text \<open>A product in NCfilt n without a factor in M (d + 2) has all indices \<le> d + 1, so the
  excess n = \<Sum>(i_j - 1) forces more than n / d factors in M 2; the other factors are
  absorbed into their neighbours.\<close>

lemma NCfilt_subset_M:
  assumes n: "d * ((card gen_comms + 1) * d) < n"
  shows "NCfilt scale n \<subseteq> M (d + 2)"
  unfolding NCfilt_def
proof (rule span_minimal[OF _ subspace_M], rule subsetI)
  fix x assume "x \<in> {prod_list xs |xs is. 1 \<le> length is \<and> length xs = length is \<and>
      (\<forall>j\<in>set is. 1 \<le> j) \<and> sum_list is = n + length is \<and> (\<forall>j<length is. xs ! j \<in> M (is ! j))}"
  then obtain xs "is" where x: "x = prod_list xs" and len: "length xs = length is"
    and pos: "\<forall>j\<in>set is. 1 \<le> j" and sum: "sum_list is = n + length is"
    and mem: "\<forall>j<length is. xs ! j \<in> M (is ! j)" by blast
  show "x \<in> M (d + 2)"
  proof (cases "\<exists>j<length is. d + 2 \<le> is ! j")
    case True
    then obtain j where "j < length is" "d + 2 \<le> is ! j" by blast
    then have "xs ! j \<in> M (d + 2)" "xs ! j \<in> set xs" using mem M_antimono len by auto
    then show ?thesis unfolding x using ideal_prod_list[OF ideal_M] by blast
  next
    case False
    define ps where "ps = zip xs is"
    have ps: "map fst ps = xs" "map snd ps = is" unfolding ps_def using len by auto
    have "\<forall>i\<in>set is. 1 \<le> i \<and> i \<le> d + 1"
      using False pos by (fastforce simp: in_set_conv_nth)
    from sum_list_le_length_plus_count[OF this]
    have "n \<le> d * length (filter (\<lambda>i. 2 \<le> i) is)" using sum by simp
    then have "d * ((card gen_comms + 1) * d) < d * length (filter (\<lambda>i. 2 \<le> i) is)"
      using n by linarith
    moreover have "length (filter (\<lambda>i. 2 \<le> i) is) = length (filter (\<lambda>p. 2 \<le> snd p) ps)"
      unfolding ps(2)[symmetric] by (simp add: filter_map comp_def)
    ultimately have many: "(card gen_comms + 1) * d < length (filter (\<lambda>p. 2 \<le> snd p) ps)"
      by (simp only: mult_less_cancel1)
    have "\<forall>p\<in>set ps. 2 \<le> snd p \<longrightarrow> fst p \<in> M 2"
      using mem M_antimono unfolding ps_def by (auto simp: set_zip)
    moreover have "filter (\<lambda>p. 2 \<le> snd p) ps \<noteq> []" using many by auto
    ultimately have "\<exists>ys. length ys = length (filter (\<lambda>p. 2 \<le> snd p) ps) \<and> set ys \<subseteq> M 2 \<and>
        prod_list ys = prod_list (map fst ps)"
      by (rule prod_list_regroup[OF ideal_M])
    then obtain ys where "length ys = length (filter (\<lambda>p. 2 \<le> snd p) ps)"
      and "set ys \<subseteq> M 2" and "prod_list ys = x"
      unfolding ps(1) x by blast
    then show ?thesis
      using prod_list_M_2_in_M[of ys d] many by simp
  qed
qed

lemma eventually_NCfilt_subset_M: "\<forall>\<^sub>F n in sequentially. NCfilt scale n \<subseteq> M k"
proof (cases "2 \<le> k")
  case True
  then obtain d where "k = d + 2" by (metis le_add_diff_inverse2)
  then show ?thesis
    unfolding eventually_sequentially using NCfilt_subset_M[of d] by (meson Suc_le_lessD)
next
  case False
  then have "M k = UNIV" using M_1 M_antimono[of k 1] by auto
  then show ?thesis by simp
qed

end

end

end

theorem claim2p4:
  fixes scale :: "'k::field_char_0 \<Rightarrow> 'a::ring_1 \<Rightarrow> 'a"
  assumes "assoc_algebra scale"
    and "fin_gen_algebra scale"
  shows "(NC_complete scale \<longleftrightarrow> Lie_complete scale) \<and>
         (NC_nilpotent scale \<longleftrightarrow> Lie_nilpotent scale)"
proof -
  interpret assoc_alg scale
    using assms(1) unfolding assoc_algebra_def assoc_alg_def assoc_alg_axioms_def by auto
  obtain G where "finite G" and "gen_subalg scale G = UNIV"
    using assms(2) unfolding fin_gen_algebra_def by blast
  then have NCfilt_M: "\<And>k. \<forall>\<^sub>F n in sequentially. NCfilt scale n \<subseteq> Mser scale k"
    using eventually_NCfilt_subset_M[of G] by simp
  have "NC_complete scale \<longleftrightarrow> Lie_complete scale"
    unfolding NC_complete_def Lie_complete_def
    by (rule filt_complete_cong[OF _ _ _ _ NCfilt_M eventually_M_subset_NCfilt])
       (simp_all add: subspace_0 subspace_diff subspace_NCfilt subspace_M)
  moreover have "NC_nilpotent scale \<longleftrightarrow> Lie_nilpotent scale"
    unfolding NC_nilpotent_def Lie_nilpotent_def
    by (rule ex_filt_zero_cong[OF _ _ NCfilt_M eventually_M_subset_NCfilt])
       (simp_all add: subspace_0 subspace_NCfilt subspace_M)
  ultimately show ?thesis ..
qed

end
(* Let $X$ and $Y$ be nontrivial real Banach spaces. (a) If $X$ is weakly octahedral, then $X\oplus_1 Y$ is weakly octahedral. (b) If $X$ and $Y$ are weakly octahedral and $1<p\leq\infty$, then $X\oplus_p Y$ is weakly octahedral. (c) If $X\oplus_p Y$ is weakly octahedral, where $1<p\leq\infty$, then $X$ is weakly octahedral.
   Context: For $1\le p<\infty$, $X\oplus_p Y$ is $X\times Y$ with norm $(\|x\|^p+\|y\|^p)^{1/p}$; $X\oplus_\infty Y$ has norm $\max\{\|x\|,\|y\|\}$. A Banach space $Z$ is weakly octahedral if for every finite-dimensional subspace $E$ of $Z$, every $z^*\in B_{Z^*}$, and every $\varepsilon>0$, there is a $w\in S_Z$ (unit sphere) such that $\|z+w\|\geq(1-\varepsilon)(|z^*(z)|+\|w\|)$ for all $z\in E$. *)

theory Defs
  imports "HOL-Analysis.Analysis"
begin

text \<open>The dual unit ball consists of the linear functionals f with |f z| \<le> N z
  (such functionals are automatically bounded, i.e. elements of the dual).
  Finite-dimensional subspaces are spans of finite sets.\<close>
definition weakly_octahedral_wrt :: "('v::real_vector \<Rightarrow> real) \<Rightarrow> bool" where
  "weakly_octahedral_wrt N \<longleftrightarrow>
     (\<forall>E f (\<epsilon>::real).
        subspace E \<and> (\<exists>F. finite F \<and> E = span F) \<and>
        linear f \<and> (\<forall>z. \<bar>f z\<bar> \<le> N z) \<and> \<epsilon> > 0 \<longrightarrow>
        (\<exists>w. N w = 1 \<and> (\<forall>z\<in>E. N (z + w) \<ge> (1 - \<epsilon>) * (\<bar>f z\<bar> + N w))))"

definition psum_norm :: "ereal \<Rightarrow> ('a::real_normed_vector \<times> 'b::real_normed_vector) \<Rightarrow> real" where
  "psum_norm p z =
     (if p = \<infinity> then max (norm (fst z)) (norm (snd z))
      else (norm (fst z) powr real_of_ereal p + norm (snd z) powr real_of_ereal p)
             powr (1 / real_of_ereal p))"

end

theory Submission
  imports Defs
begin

[EXERCISE GOAL] Please repeat the data above verbatim, all of it.

[RESPONSE TO THIS EXERCISE]
text \<open>A product in NCfilt n without a factor in M (d + 2) has all indices \<le> d + 1, so the
  excess n = \<Sum>(i_j - 1) forces more than n / d factors in M 2; the other factors are
  absorbed into their neighbours.\<close>

lemma NCfilt_subset_M:
  assumes n: "d * ((card gen_comms + 1) * d) < n"
  shows "NCfilt scale n \<subseteq> M (d + 2)"
  unfolding NCfilt_def
proof (rule span_minimal[OF _ subspace_M], rule subsetI)
  fix x assume "x \<in> {prod_list xs |xs is. 1 \<le> length is \<and> length xs = length is \<and>
      (\<forall>j\<in>set is. 1 \<le> j) \<and> sum_list is = n + length is \<and> (\<forall>j<length is. xs ! j \<in> M (is ! j))}"
  then obtain xs "is" where x: "x = prod_list xs" and len: "length xs = length is"
    and pos: "\<forall>j\<in>set is. 1 \<le> j" and sum: "sum_list is = n + length is"
    and mem: "\<forall>j<length is. xs ! j \<in> M (is ! j)" by blast
  show "x \<in> M (d + 2)"
  proof (cases "\<exists>j<length is. d + 2 \<le> is ! j")
    case True
    then obtain j where "j < length is" "d + 2 \<le> is ! j" by blast
    then have "xs ! j \<in> M (d + 2)" "xs ! j \<in> set xs" using mem M_antimono len by auto
    then show ?thesis unfolding x using ideal_prod_list[OF ideal_M] by blast
  next
    case False
    define ps where "ps = zip xs is"
    have ps: "map fst ps = xs" "map snd ps = is" unfolding ps_def using len by auto
    have "\<forall>i\<in>set is. 1 \<le> i \<and> i \<le> d + 1"
      using False pos by (fastforce simp: in_set_conv_nth)
    from sum_list_le_length_plus_count[OF this]
    have "n \<le> d * length (filter (\<lambda>i. 2 \<le> i) is)" using sum by simp
    then have "d * ((card gen_comms + 1) * d) < d * length (filter (\<lambda>i. 2 \<le> i) is)"
      using n by linarith
    moreover have "length (filter (\<lambda>i. 2 \<le> i) is) = length (filter (\<lambda>p. 2 \<le> snd p) ps)"
      unfolding ps(2)[symmetric] by (simp add: filter_map comp_def)
    ultimately have many: "(card gen_comms + 1) * d < length (filter (\<lambda>p. 2 \<le> snd p) ps)"
      by (simp only: mult_less_cancel1)
    have "\<forall>p\<in>set ps. 2 \<le> snd p \<longrightarrow> fst p \<in> M 2"
      using mem M_antimono unfolding ps_def by (auto simp: set_zip)
    moreover have "filter (\<lambda>p. 2 \<le> snd p) ps \<noteq> []" using many by auto
    ultimately have "\<exists>ys. length ys = length (filter (\<lambda>p. 2 \<le> snd p) ps) \<and> set ys \<subseteq> M 2 \<and>
        prod_list ys = prod_list (map fst ps)"
      by (rule prod_list_regroup[OF ideal_M])
    then obtain ys where "length ys = length (filter (\<lambda>p. 2 \<le> snd p) ps)"
      and "set ys \<subseteq> M 2" and "prod_list ys = x"
      unfolding ps(1) x by blast
    then show ?thesis
      using prod_list_M_2_in_M[of ys d] many by simp
  qed
qed

lemma eventually_NCfilt_subset_M: "\<forall>\<^sub>F n in sequentially. NCfilt scale n \<subseteq> M k"
proof (cases "2 \<le> k")
  case True
  then obtain d where "k = d + 2" by (metis le_add_diff_inverse2)
  then show ?thesis
    unfolding eventually_sequentially using NCfilt_subset_M[of d] by (meson Suc_le_lessD)
next
  case False
  then have "M k = UNIV" using M_1 M_antimono[of k 1] by auto
  then show ?thesis by simp
qed

end

end

end

theorem claim2p4:
  fixes scale :: "'k::field_char_0 \<Rightarrow> 'a::ring_1 \<Rightarrow> 'a"
  assumes "assoc_algebra scale"
    and "fin_gen_algebra scale"
  shows "(NC_complete scale \<longleftrightarrow> Lie_complete scale) \<and>
         (NC_nilpotent scale \<longleftrightarrow> Lie_nilpotent scale)"
proof -
  interpret assoc_alg scale
    using assms(1) unfolding assoc_algebra_def assoc_alg_def assoc_alg_axioms_def by auto
  obtain G where "finite G" and "gen_subalg scale G = UNIV"
    using assms(2) unfolding fin_gen_algebra_def by blast
  then have NCfilt_M: "\<And>k. \<forall>\<^sub>F n in sequentially. NCfilt scale n \<subseteq> Mser scale k"
    using eventually_NCfilt_subset_M[of G] by simp
  have "NC_complete scale \<longleftrightarrow> Lie_complete scale"
    unfolding NC_complete_def Lie_complete_def
    by (rule filt_complete_cong[OF _ _ _ _ NCfilt_M eventually_M_subset_NCfilt])
       (simp_all add: subspace_0 subspace_diff subspace_NCfilt subspace_M)
  moreover have "NC_nilpotent scale \<longleftrightarrow> Lie_nilpotent scale"
    unfolding NC_nilpotent_def Lie_nilpotent_def
    by (rule ex_filt_zero_cong[OF _ _ NCfilt_M eventually_M_subset_NCfilt])
       (simp_all add: subspace_0 subspace_NCfilt subspace_M)
  ultimately show ?thesis ..
qed

end
(* Let $X$ and $Y$ be nontrivial real Banach spaces. (a) If $X$ is weakly octahedral, then $X\oplus_1 Y$ is weakly octahedral. (b) If $X$ and $Y$ are weakly octahedral and $1<p\leq\infty$, then $X\oplus_p Y$ is weakly octahedral. (c) If $X\oplus_p Y$ is weakly octahedral, where $1<p\leq\infty$, then $X$ is weakly octahedral.
   Context: For $1\le p<\infty$, $X\oplus_p Y$ is $X\times Y$ with norm $(\|x\|^p+\|y\|^p)^{1/p}$; $X\oplus_\infty Y$ has norm $\max\{\|x\|,\|y\|\}$. A Banach space $Z$ is weakly octahedral if for every finite-dimensional subspace $E$ of $Z$, every $z^*\in B_{Z^*}$, and every $\varepsilon>0$, there is a $w\in S_Z$ (unit sphere) such that $\|z+w\|\geq(1-\varepsilon)(|z^*(z)|+\|w\|)$ for all $z\in E$. *)

theory Defs
  imports "HOL-Analysis.Analysis"
begin

text \<open>The dual unit ball consists of the linear functionals f with |f z| \<le> N z
  (such functionals are automatically bounded, i.e. elements of the dual).
  Finite-dimensional subspaces are spans of finite sets.\<close>
definition weakly_octahedral_wrt :: "('v::real_vector \<Rightarrow> real) \<Rightarrow> bool" where
  "weakly_octahedral_wrt N \<longleftrightarrow>
     (\<forall>E f (\<epsilon>::real).
        subspace E \<and> (\<exists>F. finite F \<and> E = span F) \<and>
        linear f \<and> (\<forall>z. \<bar>f z\<bar> \<le> N z) \<and> \<epsilon> > 0 \<longrightarrow>
        (\<exists>w. N w = 1 \<and> (\<forall>z\<in>E. N (z + w) \<ge> (1 - \<epsilon>) * (\<bar>f z\<bar> + N w))))"

definition psum_norm :: "ereal \<Rightarrow> ('a::real_normed_vector \<times> 'b::real_normed_vector) \<Rightarrow> real" where
  "psum_norm p z =
     (if p = \<infinity> then max (norm (fst z)) (norm (snd z))
      else (norm (fst z) powr real_of_ereal p + norm (snd z) powr real_of_ereal p)
             powr (1 / real_of_ereal p))"

end

theory Submission
  imports Defs
begin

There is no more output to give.